La collection Courtauld
Depuis son ouverture, il y a un peu plus de quatre ans, la Fondation Louis Vuitton nous régale de superbes expositions sans quasiment aucune faute de goût. La collection Courtauld que l'on peut admirer jusqu’au 17 juin ne déroge pas à la règle et nous offre la possibilité de découvrir 110 œuvres impressionnistes et postimpressionnistes, dont certaines tout à fait remarquables. De Manet à Modigliani en passant par Renoir, Van Gogh, Cézanne ou Gauguin pour ne citer qu'eux, quel bonheur d'approcher les toiles de ces maîtres, qui ne sont visibles normalement qu'à la Courtauld gallery de Londres, pour en apprécier le génie dans les couleurs, les détails, la perfection du coup de pinceau.
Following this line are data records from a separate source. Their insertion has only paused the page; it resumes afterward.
lemma open_dense_small_measure:
  assumes "\<epsilon> > 0"
  obtains U :: "complex set" where "open U" "closure U = UNIV" "emeasure lborel U \<le> ennreal \<epsilon>"
proof -
  obtain q :: "nat \<Rightarrow> complex" where q: "closure (range q) = UNIV"
    by (rule obtain_dense_sequence)
  define r where "r n = sqrt \<epsilon> / 4 * (1/2) ^ n" for n
  define B where "B n = box (q n - Complex (r n) (r n)) (q n + Complex (r n) (r n))" for n
  have r: "r n > 0" for n
    using assms by (simp add: r_def)
  have "open (\<Union>n. B n)"
    by (auto simp: B_def)
  moreover have "range q \<subseteq> (\<Union>n. B n)"
    using r by (auto simp: B_def box_complex_eq)
  then have "closure (\<Union>n. B n) = UNIV"
    using closure_mono q by blast
  moreover have "emeasure lborel (\<Union>n. B n) \<le> ennreal \<epsilon>"
  proof -
    have "emeasure lborel (B n) = ennreal (\<epsilon> / 4 * (1/4) ^ n)" for n
    proof -
      have "emeasure lborel (B n) = ennreal ((2 * r n) * (2 * r n))"
        using r[of n] by (simp add: B_def emeasure_lborel_box_eq Basis_complex_def inner_complex_def)
      also have "(2 * r n) * (2 * r n) = \<epsilon> / 4 * (1/4) ^ n"
        using assms by (simp add: r_def power_mult_distrib[symmetric] field_simps)
      finally show ?thesis .
    qed
    moreover have "(\<lambda>n. \<epsilon> / 4 * (1/4) ^ n) sums (\<epsilon> / 3)"
      using sums_mult[OF geometric_sums[of "1/4::real"], of "\<epsilon> / 4"] by simp
    then have "(\<Sum>n. ennreal (\<epsilon> / 4 * (1/4) ^ n)) = ennreal (\<epsilon> / 3)"
      using assms by (intro suminf_ennreal_eq) auto
    ultimately have "(\<Sum>n. emeasure lborel (B n)) = ennreal (\<epsilon> / 3)"
      by simp
    moreover have "emeasure lborel (\<Union>n. B n) \<le> (\<Sum>n. emeasure lborel (B n))"
      by (rule emeasure_subadditive_countably) (auto simp: B_def)
    moreover have "ennreal (\<epsilon> / 3) \<le> ennreal \<epsilon>"
      using assms by (intro ennreal_leI) simp
    ultimately show ?thesis
      by simp
  qed
  ultimately show ?thesis
    using that by blast
qed

text \<open>Remove from C an open dense set of smaller measure.\<close>
lemma closed_nowhere_dense_subset:
  fixes C :: "complex set"
  assumes C: "closed C" "emeasure lborel C > 0"
  obtains K where "K \<subseteq> C" "closed K" "interior K = {}" "emeasure lborel K > 0"
proof -
  obtain x where x: "0 < x" "x < emeasure lborel C"
    using dense[OF C(2)] by blast
  then obtain \<epsilon> where \<epsilon>: "x = ennreal \<epsilon>" "\<epsilon> > 0"
    by (cases x) (auto simp: top_unique)
  obtain U :: "complex set" where U: "open U" "closure U = UNIV" "emeasure lborel U \<le> ennreal \<epsilon>"
    using open_dense_small_measure[OF \<epsilon>(2)] by blast
  have "interior (C - U) \<subseteq> interior (- U)"
    by (intro interior_mono) auto
  then have "interior (C - U) = {}"
    using U(2) by (simp add: interior_complement)
  moreover have "emeasure lborel (C - U) > 0"
  proof (rule ccontr)
    assume "\<not> emeasure lborel (C - U) > 0"
    then have "emeasure lborel (C - U) = 0"
      by simp
    moreover have "emeasure lborel C \<le> emeasure lborel (C - U) + emeasure lborel U"
      using C U by (intro order_trans[OF emeasure_mono emeasure_subadditive]) auto
    ultimately have "emeasure lborel C \<le> ennreal \<epsilon>"
      using U(3) by simp
    then show False
      using x \<epsilon>(1) by simp
  qed
  moreover have "closed (C - U)"
    using C(1) U(1) by (rule closed_Diff)
  ultimately show ?thesis
    using that[of "C - U"] by blast
qed

lemma sin_inverse_eq_near_0:
  fixes c :: real
  assumes "\<eta> > 0"
  obtains \<tau> where "0 < \<tau>" "\<tau> < \<eta>" "sin (1 / \<tau>) = sin c"
proof -
  obtain n :: nat where n: "(1 / \<eta> + \<bar>c\<bar>) / (2 * pi) < real n"
    using reals_Archimedean2 by blast
  define a where "a = c + 2 * real n * pi"
  have "1 / \<eta> + \<bar>c\<bar> < real n * (2 * pi)"
    using n pi_gt_zero by (simp add: pos_divide_less_eq)
  then have "1 / \<eta> < a"
    unfolding a_def using abs_ge_minus_self[of c] by linarith
  moreover have "0 < a"
    using \<open>1 / \<eta> < a\<close> assms by (smt (verit) divide_pos_pos)
  moreover have "sin a = sin c"
    by (simp add: a_def sin_add)
  ultimately show ?thesis
    using assms by (intro that[of "1 / a"]) (auto simp: divide_less_eq mult.commute)
qed

text \<open>Since K has empty interior there is a point u \<notin> K close to k; along the segment from k
  to u the distance to K runs continuously through every value between 0 and infdist u K.\<close>
lemma infdist_takes_small_values_near:
  fixes K D :: "'a::real_normed_vector set"
  assumes "open D" "K \<subseteq> D" "closed K" "interior K = {}" "k \<in> K" "e > 0"
  obtains \<eta> where "\<eta> > 0" "\<And>\<tau>. 0 < \<tau> \<Longrightarrow> \<tau> < \<eta> \<Longrightarrow> \<exists>p\<in>D. dist p k < e \<and> infdist p K = \<tau>"
proof -
  obtain r where r: "r > 0" "ball k r \<subseteq> D"
    using assms(1,2,5) open_contains_ball by blast
  define e' where "e' = min e r"
  have "e' > 0"
    using assms(6) r(1) by (simp add: e'_def)
  then have "\<not> ball k e' \<subseteq> K"
    using assms(4) interior_maximal[of "ball k e'" K] by auto
  then obtain u where u: "u \<in> ball k e'" "u \<notin> K"
    by blast
  have \<eta>: "infdist u K > 0"
    using assms(3,5) u(2) by (intro infdist_pos_not_in_closed) auto
  have "\<exists>p\<in>D. dist p k < e \<and> infdist p K = \<tau>" if \<tau>: "0 < \<tau>" "\<tau> < infdist u K" for \<tau>
  proof -
    define f where "f t = infdist (k + t *\<^sub>R (u - k)) K" for t
    have "continuous_on {0..1} f"
      unfolding f_def by (intro continuous_intros)
    moreover have "f 0 = 0" "f 1 = infdist u K"
      using assms(5) by (simp_all add: f_def)
    ultimately obtain t where t: "0 \<le> t" "t \<le> 1" "f t = \<tau>"
      using IVT'[of f 0 \<tau> 1] \<tau> by auto
    have "dist (k + t *\<^sub>R (u - k)) k = t * dist u k"
      using t by (simp add: dist_norm)
    also have "\<dots> \<le> dist u k"
      using t by (simp add: mult_left_le_one_le)
    finally have "dist (k + t *\<^sub>R (u - k)) k < e'"
      using u(1) by (simp add: dist_commute)
    then show ?thesis
      using r(2) t(3) by (intro bexI[of _ "k + t *\<^sub>R (u - k)"]) (auto simp: e'_def f_def dist_commute)
  qed
  then show ?thesis
    using that \<eta> by blast
qed

lemma nowhere_dense_subset_closure_sin_level:
  fixes K D :: "'a::real_normed_vector set"
  assumes D: "open D" and K: "K \<subseteq> D" "closed K" "interior K = {}" and \<delta>: "\<delta> > 0"
  shows "K \<subseteq> closure {z\<in>D. 0 < infdist z K \<and> infdist z K < \<delta> \<and> sin (1 / infdist z K) = sin c}"
    (is "_ \<subseteq> closure ?S")
proof
  fix k assume "k \<in> K"
  show "k \<in> closure ?S"
    unfolding closure_approachable
  proof (intro allI impI)
    fix e :: real assume "e > 0"
    obtain \<eta> where \<eta>: "\<eta> > 0" "\<And>\<tau>. 0 < \<tau> \<Longrightarrow> \<tau> < \<eta> \<Longrightarrow> \<exists>p\<in>D. dist p k < e \<and> infdist p K = \<tau>"
      using infdist_takes_small_values_near[OF D K \<open>k \<in> K\<close> \<open>e > 0\<close>] by blast
    obtain \<tau> where \<tau>: "0 < \<tau>" "\<tau> < min \<eta> \<delta>" "sin (1 / \<tau>) = sin c"
      using sin_inverse_eq_near_0[of "min \<eta> \<delta>"] \<eta>(1) \<delta> by auto
    then obtain p where "p \<in> D" "dist p k < e" "infdist p K = \<tau>"
      using \<eta>(2) by auto
    then show "\<exists>p\<in>?S. dist p k < e"
      using \<tau> by auto
  qed
qed

lemma open_infdist_sin_preimage:
  assumes "open T"
  shows "open {z. 0 < infdist z K \<and> sin (1 / infdist z K) \<in> T}"
proof -
  have "open ({z. 0 < infdist z K} \<inter> (\<lambda>z. sin (1 / infdist z K)) -` T)"
    by (intro continuous_open_preimage assms open_Collect_less continuous_intros) auto
  then show ?thesis
    by (simp add: vimage_def Collect_conj_eq)
qed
C'est en moins de dix ans que Samuel Courtauld, riche industriel anglais d'origine française, a constitué dans les années 1920 avec sa femme cette superbe collection de tableaux impressionnistes alors qu'à l'époque le mouvement n'avait pas franchement la côte. Moderne et philanthrope, ce collectionneur voulait rendre l'art accessible à tous et s'est employé à faire partager sa passion à ses contemporains britanniques, aujourd'hui la Fondation Louis Vuitton contribue à prolonger sa volonté.